Delving into the Planet's Most Ghostly Grove: Twisted Trees, Flying Saucers and Spooky Stories in Romania's Legendary Region.
"Locals dub this place an enigmatic zone of Transylvania," states an experienced guide, his breath creating puffs of mist in the crisp evening air. "Numerous individuals have disappeared here, many believe there's a gateway to a different realm." This expert is leading a visitor on a night walk through what is often described as the world's most haunted woodland: Hoia-Baciu, an area covering one square mile of primeval native woodland on the outskirts of the Romanian city of Cluj-Napoca.
Centuries of Mystery
Reports of bizarre occurrences here extend back a long time – this woodland is named after a regional herder who is said to have vanished in the far-off times, together with 200 of his sheep. But Hoia-Baciu achieved global recognition in 1968, when a military technician called Emil Barnea took a picture of what he described as a UFO floating above a oval meadow in the centre of the forest.
Many came in here and never came out. But don't worry," he adds, addressing his guest with a grin. "Our tours have a flawless completion rate."
In the decades since, Hoia-Baciu has attracted yogis, spiritual healers, UFO researchers and supernatural researchers from worldwide, eager to feel the strange energies reported to reverberate through the forest.
Contemporary Dangers
Despite being a top global pilgrimage sites for lovers of the paranormal, the forest is at risk.

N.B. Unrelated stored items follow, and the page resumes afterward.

(* Let $p\ge 1$, $\alpha\ge 1$ and $f\in\mathcal{T}_p^{(\alpha)}(t^\alpha)$. Then $f$ (has a representative which) is continuous on $\mathbb{R}^+=(0,\infty)$, $\lim_{t\to\infty}f(t)=0$, and $$\sup_{t>0} t^{1/p}|f(t)|\le C_{\alpha,p}\|f\|_{\alpha,p},$$ where the constant $C_{\alpha,p}$ does not depend on $f$.
   Context: $\mathcal{S}_+$ denotes the Schwartz class on $[0,\infty)$. For $\alpha>0$ and $f\in\mathcal{S}_+$, the Weyl fractional integral is $W_+^{-\alpha}f(t)=\frac{1}{\Gamma(\alpha)}\int_t^\infty (s-t)^{\alpha-1}f(s)\,ds$ ($t>0$), and the Weyl fractional derivative is $W_+^{\alpha}f(t)=(-1)^n\frac{d^n}{dt^n}W_+^{-(n-\alpha)}f(t)$ with $n=[\alpha]+1$ (so $W_+^1f=-f'$). For $\alpha>0$ and $1\le p<\infty$, $\mathcal{T}_p^{(\alpha)}(t^\alpha)$ is the Banach space obtained as the completion of $\mathcal{S}_+$ in the norm $\|f\|_{\alpha,p}=\frac{1}{\Gamma(\alpha+1)}\left(\int_0^\infty |W_+^\alpha f(t)|^p t^{\alpha p}\,dt\right)^{1/p}$; it embeds continuously into $L^p(\mathbb{R}^+)$, so its elements are (a.e. defined) functions on $(0,\infty)$. *)

theory Defs
  imports "HOL-Analysis.Analysis"
begin

text \<open>Schwartz class on [0,\<infinity>): smooth on [0,\<infinity>) (one-sided derivative at 0),
  with t^m f^(k)(t) bounded on [0,\<infinity>) for all m, k. Values on negative reals are irrelevant.\<close>
definition schwartz_plus :: "(real \<Rightarrow> complex) \<Rightarrow> bool" where
  "schwartz_plus f \<longleftrightarrow>
     (\<exists>D :: nat \<Rightarrow> real \<Rightarrow> complex.
        (\<forall>t\<ge>0. D 0 t = f t) \<and>
        (\<forall>k t. t \<ge> 0 \<longrightarrow> (D k has_vector_derivative D (Suc k) t) (at t within {0..})) \<and>
        (\<forall>k m. bounded ((\<lambda>t. (t ^ m) *\<^sub>R D k t) ` {0..})))"

definition weyl_int :: "real \<Rightarrow> (real \<Rightarrow> complex) \<Rightarrow> real \<Rightarrow> complex" where
  "weyl_int \<alpha> f t = (1 / Gamma \<alpha>) *\<^sub>R (LINT s:{t..}|lborel. ((s - t) powr (\<alpha> - 1)) *\<^sub>R f s)"

definition nth_vderiv :: "nat \<Rightarrow> (real \<Rightarrow> complex) \<Rightarrow> real \<Rightarrow> complex" where
  "nth_vderiv n g = ((\<lambda>h t. vector_derivative h (at t)) ^^ n) g"

definition weyl_deriv :: "real \<Rightarrow> (real \<Rightarrow> complex) \<Rightarrow> real \<Rightarrow> complex" where
  "weyl_deriv \<alpha> f t =
     (let n = nat \<lfloor>\<alpha>\<rfloor> + 1 in
        ((-1) ^ n) *\<^sub>R nth_vderiv n (weyl_int (real n - \<alpha>) f) t)"

definition wnorm :: "real \<Rightarrow> real \<Rightarrow> (real \<Rightarrow> complex) \<Rightarrow> real" where
  "wnorm \<alpha> p f = (1 / Gamma (\<alpha> + 1)) *
     (LINT t:{0<..}|lborel. norm (weyl_deriv \<alpha> f t) powr p * t powr (\<alpha> * p)) powr (1 / p)"

text \<open>\<phi> is a sequence in S_+, Cauchy for \<parallel>.\<parallel>_{\<alpha>,p}, converging in L^p(0,\<infinity>) to f:
  it represents the element f of the completion T_p^{(\<alpha>)}(t^\<alpha>) (viewed inside L^p).\<close>
definition T_rep :: "real \<Rightarrow> real \<Rightarrow> (nat \<Rightarrow> real \<Rightarrow> complex) \<Rightarrow> (real \<Rightarrow> complex) \<Rightarrow> bool" where
  "T_rep \<alpha> p \<phi> f \<longleftrightarrow>
     (\<forall>n. schwartz_plus (\<phi> n)) \<and>
     (\<forall>\<epsilon>>0. \<exists>N. \<forall>m\<ge>N. \<forall>n\<ge>N. wnorm \<alpha> p (\<lambda>t. \<phi> m t - \<phi> n t) < \<epsilon>) \<and>
     set_borel_measurable lborel {0<..} f \<and>
     (\<lambda>n. \<integral>\<^sup>+ t\<in>{0<..}. ennreal (norm (\<phi> n t - f t) powr p) \<partial>lborel) \<longlonglongrightarrow> 0"

definition T_space :: "real \<Rightarrow> real \<Rightarrow> (real \<Rightarrow> complex) set" where
  "T_space \<alpha> p = {f. \<exists>\<phi>. T_rep \<alpha> p \<phi> f}"

definition T_norm_seq :: "real \<Rightarrow> real \<Rightarrow> (nat \<Rightarrow> real \<Rightarrow> complex) \<Rightarrow> real" where
  "T_norm_seq \<alpha> p \<phi> = lim (\<lambda>n. wnorm \<alpha> p (\<phi> n))"

end

theory Submission
  imports Defs
begin

text \<open>
  For a Schwartz function \<open>\<psi>\<close> and \<open>\<alpha> \<ge> 1\<close> the Weyl derivative can be inverted,
  \<open>\<psi> t = \<Gamma>(\<alpha>)\<^sup>-\<^sup>1 \<integral>\<^sub>t\<^sup>\<infinity> (s - t)\<^sup>\<alpha>\<^sup>-\<^sup>1 W\<^sup>\<alpha> \<psi> s ds\<close>: this follows from the
  semigroup law of the Weyl kernels (a Beta integral) and Taylor's formula at infinity. Since
  \<open>(s - t)\<^sup>\<alpha>\<^sup>-\<^sup>1 \<le> s\<^sup>\<alpha>\<^sup>-\<^sup>1\<close>, Hoelder's inequality on \<open>[t,\<infinity>)\<close> against \<open>1/s\<close> yields
  \<open>t\<^sup>1\<^sup>/\<^sup>p |\<psi> t| \<le> \<alpha> C\<^sub>p \<parallel>\<psi>\<parallel>\<^sub>\<alpha>\<^sub>,\<^sub>p\<close>. Applied to the differences of a defining Cauchy
  sequence this makes the sequence uniformly Cauchy on every \<open>[a,\<infinity>)\<close> with \<open>a > 0\<close>. The limit
  is therefore continuous and vanishes at infinity, it agrees almost everywhere with the
  \<open>L\<^sup>p\<close>-limit by Fatou's lemma, and it inherits the bound because \<open>\<parallel>\<cdot>\<parallel>\<^sub>\<alpha>\<^sub>,\<^sub>p\<close> converges along
  the sequence (Minkowski's inequality).
\<close>

section \<open>Power kernels on half-lines\<close>

lemma set_integrable_inverse_square: "set_integrable lborel {0..} (\<lambda>s::real. 1 / (1+s)^2)"
proof -
  have "((\<lambda>x::real. 1 / x ^ 2) has_integral 1 / (real (2 - 1) * 1 ^ (2 - 1))) {1..}"
    by (rule has_integral_inverse_power_to_inf) auto
  hence "(\<lambda>x::real. 1 / x ^ 2) absolutely_integrable_on {1..}"
    by (intro nonnegative_absolutely_integrable_1) (auto simp: integrable_on_def)
  hence "set_integrable lborel {1..} (\<lambda>x::real. 1 / x ^ 2)"
    by (simp add: absolutely_integrable_on_def set_integrable_def integrable_completion)
  hence "integrable lborel (\<lambda>x. indicator {1..} x *\<^sub>R (1 / x ^ 2 :: real))"
    by (simp add: set_integrable_def)
  from lborel_integrable_real_affine[OF this, of 1 1]
  have "integrable lborel (\<lambda>x. indicator {1..} (1 + 1 * x) *\<^sub>R (1 / (1 + 1 * x) ^ 2 :: real))" by simp
  also have "(\<lambda>x. indicator {1..} (1 + 1 * x) *\<^sub>R (1 / (1 + 1 * x) ^ 2 :: real)) = (\<lambda>x. indicator {0..} x *\<^sub>R (1 / (1 + x) ^ 2))"
    by (auto simp: indicator_def fun_eq_iff)
  finally show ?thesis by (simp add: set_integrable_def)
qed

lemma set_integrable_powr_unit_interval:
  assumes "\<gamma> > 0"
  shows "set_integrable lborel {t..t+1} (\<lambda>s::real. (s - t) powr (\<gamma> - 1))"
proof -
  have "(\<lambda>x::real. x powr (\<gamma> - 1)) integrable_on {0..1}"
    by (rule integrable_on_powr_from_0) (use assms in auto)
  hence "(\<lambda>x::real. x powr (\<gamma> - 1)) absolutely_integrable_on {0..1}"
    by (intro nonnegative_absolutely_integrable_1) auto
  hence "integrable lborel (\<lambda>x. indicator {0..1} x *\<^sub>R (x powr (\<gamma> - 1) :: real))"
    by (simp add: absolutely_integrable_on_def set_integrable_def integrable_completion)
  from lborel_integrable_real_affine[OF this, of 1 "-t"]
  have "integrable lborel (\<lambda>x. indicator {0..1} (-t + 1 * x) *\<^sub>R ((-t + 1 * x) powr (\<gamma> - 1) :: real))" by simp
  also have "(\<lambda>x. indicator {0..1} (-t + 1 * x) *\<^sub>R ((-t + 1 * x) powr (\<gamma> - 1) :: real)) = (\<lambda>x. indicator {t..t+1} x *\<^sub>R ((x - t) powr (\<gamma> - 1)))"
    by (auto simp: indicator_def fun_eq_iff)
  finally show ?thesis by (simp add: set_integrable_def)
qed

lemma decay_bound_nonneg: "\<forall>y\<ge>0. norm (g y) \<le> M / (1+y)^m \<Longrightarrow> M \<ge> (0::real)"
proof -
  assume a: "\<forall>y\<ge>0. norm (g y) \<le> M / (1+y)^m"
  have "norm (g 0) \<le> M / (1+0)^m" using a by blast
  hence "norm (g 0) \<le> M" by simp
  thus ?thesis by (meson norm_ge_zero order_trans)
qed

lemma powr_kernel_le_power:
  fixes s t \<gamma> :: real and N :: nat
  assumes "\<gamma> - 1 \<le> real N" "s \<ge> t" "t \<ge> 0" "s > t + 1"
  shows "(s - t) powr (\<gamma> - 1) \<le> (1 + s) ^ N"
proof (cases "\<gamma> \<ge> 1")
  case True
  have "(s - t) powr (\<gamma> - 1) \<le> (1 + s) powr (\<gamma> - 1)"
    using assms True by (intro powr_mono2) auto
  also have "\<dots> \<le> (1 + s) powr (real N)"
    using assms by (intro powr_mono) auto
  also have "\<dots> = (1 + s) ^ N" using assms by (simp add: powr_realpow)
  finally show ?thesis .
next
  case False
  have "(s - t) powr (\<gamma> - 1) \<le> 1"
  proof -
    have "s - t \<ge> 1" "\<gamma> - 1 \<le> 0" using assms False by auto
    thus ?thesis by (metis powr_nonneg_iff powr_zero_eq_one powr_mono)
  qed
  also have "1 \<le> (1 + s) ^ N" using assms by (intro one_le_power) auto
  finally show ?thesis .
qed

lemma power_mult_decay_le:
  fixes s :: real and N m :: nat
  assumes "s \<ge> 0" "N + 2 \<le> m" "M \<ge> 0"
  shows "(1 + s) ^ N * (M / (1 + s) ^ m) \<le> M / (1 + s)^2"
proof -
  have "(1+s)^m = (1+s)^N * (1+s)^(m - N)"
    using assms by (simp flip: power_add)
  then have "(1 + s) ^ N * (M / (1 + s) ^ m) = M / (1+s)^(m-N)"
    using assms by simp
  also have "\<dots> \<le> M / (1+s)^2"
    using assms by (intro divide_left_mono power_increasing mult_pos_pos) auto
  finally show ?thesis .
qed

lemma set_integrable_powr_kernel:
  fixes g :: "real \<Rightarrow> complex"
  assumes \<gamma>: "\<gamma> > 0" and g: "g \<in> borel_measurable borel" and dec: "\<forall>y\<ge>0. norm (g y) \<le> M / (1+y)^m"
   and N: "\<gamma> - 1 \<le> real N" "N + 2 \<le> m" and t: "t \<ge> 0"
  shows "set_integrable lborel {t..} (\<lambda>s. (s - t) powr (\<gamma>-1) *\<^sub>R g s)"
proof -
  have M0: "M \<ge> 0" using dec by (rule decay_bound_nonneg)
  let ?f = "\<lambda>s. M * (indicator {t..t+1} s *\<^sub>R (s-t) powr (\<gamma>-1)) + M * (indicator {0..} s *\<^sub>R (1/(1+s)^2))"
  have i1: "integrable lborel (\<lambda>s. indicator {t..t+1} s *\<^sub>R (s-t) powr (\<gamma>-1))"
    using set_integrable_powr_unit_interval[OF \<gamma>, of t] by (simp add: set_integrable_def)
  have i2: "integrable lborel (\<lambda>s. indicator {0..} s *\<^sub>R (1/(1+s)^2::real))"
    using set_integrable_inverse_square by (simp add: set_integrable_def)
  have fi: "integrable lborel ?f"
    by (rule Bochner_Integration.integrable_add[OF integrable_mult_right[OF i1] integrable_mult_right[OF i2]])
  show ?thesis unfolding set_integrable_def
  proof (rule Bochner_Integration.integrable_bound[OF fi _ AE_I2])
    show "(\<lambda>x. indicator {t..} x *\<^sub>R ((x - t) powr (\<gamma> - 1) *\<^sub>R g x)) \<in> borel_measurable lborel"
      using g by measurable
  next
    fix s :: real
    show "norm (indicator {t..} s *\<^sub>R ((s - t) powr (\<gamma> - 1) *\<^sub>R g s)) \<le> norm (?f s)"
    proof (cases "s \<ge> t")
      case False thus ?thesis by simp
    next
      case True
      have f0: "?f s \<ge> 0" using M0 by (auto simp: indicator_def)
      have gs: "norm (g s) \<le> M / (1+s)^m" using dec True t by auto
      have "norm (indicator {t..} s *\<^sub>R ((s - t) powr (\<gamma> - 1) *\<^sub>R g s)) = (s-t) powr (\<gamma>-1) * norm (g s)"
        using True by simp
      also have "\<dots> \<le> ?f s"
      proof (cases "s \<le> t + 1")
        case True
        have p1: "(1+s)^m \<ge> 1" using \<open>t \<le> s\<close> t by (intro one_le_power) auto
        have "M / (1+s)^m \<le> M / 1" using M0 p1 by (intro divide_left_mono) auto
        hence "M / (1+s)^m \<le> M" by simp
        hence "(s-t) powr (\<gamma>-1) * norm (g s) \<le> (s-t) powr (\<gamma>-1) * M"
          using gs by (intro mult_left_mono) auto
        also have "\<dots> \<le> ?f s" using True \<open>t \<le> s\<close> t M0 by (auto simp: indicator_def)
        finally show ?thesis .
      next
        case False
        have "(s-t) powr (\<gamma>-1) * norm (g s) \<le> (1+s)^N * (M / (1+s)^m)"
          using powr_kernel_le_power[OF N(1) \<open>t \<le> s\<close> t] False gs t \<open>t \<le> s\<close> by (intro mult_mono) auto
        also have "\<dots> \<le> M / (1+s)^2" using power_mult_decay_le[OF _ N(2) M0, of s] t \<open>t \<le> s\<close> by auto
        also have "\<dots> \<le> ?f s" using False \<open>t \<le> s\<close> t M0 by (auto simp: indicator_def)
        finally show ?thesis .
      qed
      finally show ?thesis using f0 by simp
    qed
  qed
qed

The western suburbs of Cluj-Napoca – an innovative digital cluster of more than 400,000 people, known as the tech capital of the region – are encroaching, and real estate firms are pushing for approval to cut down the woods to construct residential buildings.
Except for a small area home to area-specific oak varieties, the grove is lacking legal protection, but Marius hopes that the company he was instrumental in creating – a local conservation effort – will help to change that, persuading the government officials to acknowledge the forest's value as a travel hotspot.
Eerie Encounters
As twigs and seasonal debris split and rustle beneath their footwear, the guide describes various local legends and alleged ghostly incidents here.

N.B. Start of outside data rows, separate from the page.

lemma sum_mult_lap_commute: "(\<Sum>w\<in>W. a w * lap e W b w) = (\<Sum>w\<in>W. b w * lap e W a w)"
proof -
  have swap: "(\<Sum>w\<in>W. \<Sum>u\<in>W. int (e u w) * a w * b u) = (\<Sum>w\<in>W. \<Sum>u\<in>W. int (e u w) * b w * a u)"
    by (subst sum.swap) (simp add: sym algebra_simps)
  show ?thesis
    unfolding lap_def using swap
    by (simp add: sum_distrib_left sum_subtractf algebra_simps)
qed

lemma sum_lap_eq_0: "(\<Sum>w\<in>W. lap e W x w) = 0"
  using sum_mult_lap_commute[where a = "\<lambda>_. 1" and b = x and W = W] by (simp add: lap_def)

lemma lap_of_bool_mem:
  assumes "finite W" "w \<in> B"
  shows "lap e W (\<lambda>u. of_bool (u \<in> B)) w = (\<Sum>u\<in>W-B. int (e w u))"
proof -
  have "lap e W (\<lambda>u. of_bool (u \<in> B)) w = (\<Sum>u\<in>W. if u \<in> W - B then int (e w u) else 0)"
    unfolding lap_def using assms(2) by (intro sum.cong) (auto simp: sym)
  also have "\<dots> = (\<Sum>u\<in>W-B. int (e w u))"
    using assms(1) by (simp add: sum.inter_filter set_diff_eq)
  finally show ?thesis .
qed

end

section \<open>Degree-one divisors on a cycle\<close>

lemma is_cycle_finite: "is_cycle e U \<Longrightarrow> finite U"
  unfolding is_cycle_def by (metis card.infinite not_numeral_le_zero)

lemma rtranclp_leaves_set:
  assumes "r\<^sup>*\<^sup>* a b" "a \<in> R" "b \<notin> R"
  shows "\<exists>x y. x \<in> R \<and> y \<notin> R \<and> r x y"
  using assms by (induction rule: rtranclp_induct) auto

definition partial_potential ::
    "('a \<Rightarrow> 'a \<Rightarrow> nat) \<Rightarrow> 'a set \<Rightarrow> 'a \<Rightarrow> 'a set \<Rightarrow> ('a \<Rightarrow> int) \<Rightarrow> int \<Rightarrow> bool" where
  "partial_potential e U q R p c \<longleftrightarrow> q \<in> R \<and> R \<subseteq> U \<and> (\<forall>u. 0 \<le> p u) \<and> p q = 0
     \<and> (\<forall>u\<in>R. p u < c) \<and> (\<forall>u\<in>U-R. p u = c) \<and> (\<forall>u\<in>R-{q}. 1 \<le> lap e U p u)"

- A well-known account recounts a little girl disappearing during a group gathering, only to return after five years with no memory of her experience, showing no signs of aging a moment, her clothes without the slightest speck of dust.
- Regular stories explain cellphones and imaging devices mysteriously turning off on venturing inside.
- Feelings range from full-blown dread to states of ecstasy.
- Certain individuals claim observing strange rashes on their skin, perceiving ghostly voices through the trees, or experience fingers clutching them, despite being certain nobody is nearby.
Research Efforts
While many of the accounts may be impossible to confirm, numerous elements clearly observable that is certainly unusual. Everywhere you look are trees whose trunks are bent and twisted into fantastical shapes.
Multiple explanations have been given to explain the deformed trees: strong gales could have altered the growth, or naturally high radiation levels in the earth explain their crooked growth.
But formal examinations have found no satisfactory evidence.
The Famous Clearing
The guide's excursions allow visitors to take part in a small-scale research of their own. As we approach the meadow in the trees where Barnea captured his well-known UFO photographs, he hands his guest an ghost-hunting device which registers electromagnetic fields.
"We're entering the most energetic area of the forest," he comments. "Try to detect something."
The plants abruptly end as the group enters into a flawless round. The single plant life is the short grass beneath our feet; it's obvious that it's naturally occurring, and looks that this bizarre meadow is organic, not the result of landscaping.
The Blurred Line
This part of Romania is a area which stirs the imagination, where the border is unclear between fact and folklore. In rural Romanian communities superstition remains in strigoi ("screamers") – undead, shapeshifting creatures, who emerge from tombs to haunt local communities.
The famous author's well-known vampire Count Dracula is forever associated with Transylvania, and the legendary fortress – a Saxon monolith situated on a rocky outcrop in the Transylvanian Alps – is heavily promoted as "the vampire's home".
But including myth-shrouded Transylvania – actually, "the land past the woods" – appears solid and predictable compared to the haunted grove, which seem to be, for reasons related to radiation, climatic or entirely legendary, a hub for fantasy projection.
"Within this forest," Marius comments, "the boundary between fact and fiction is remarkably blurred."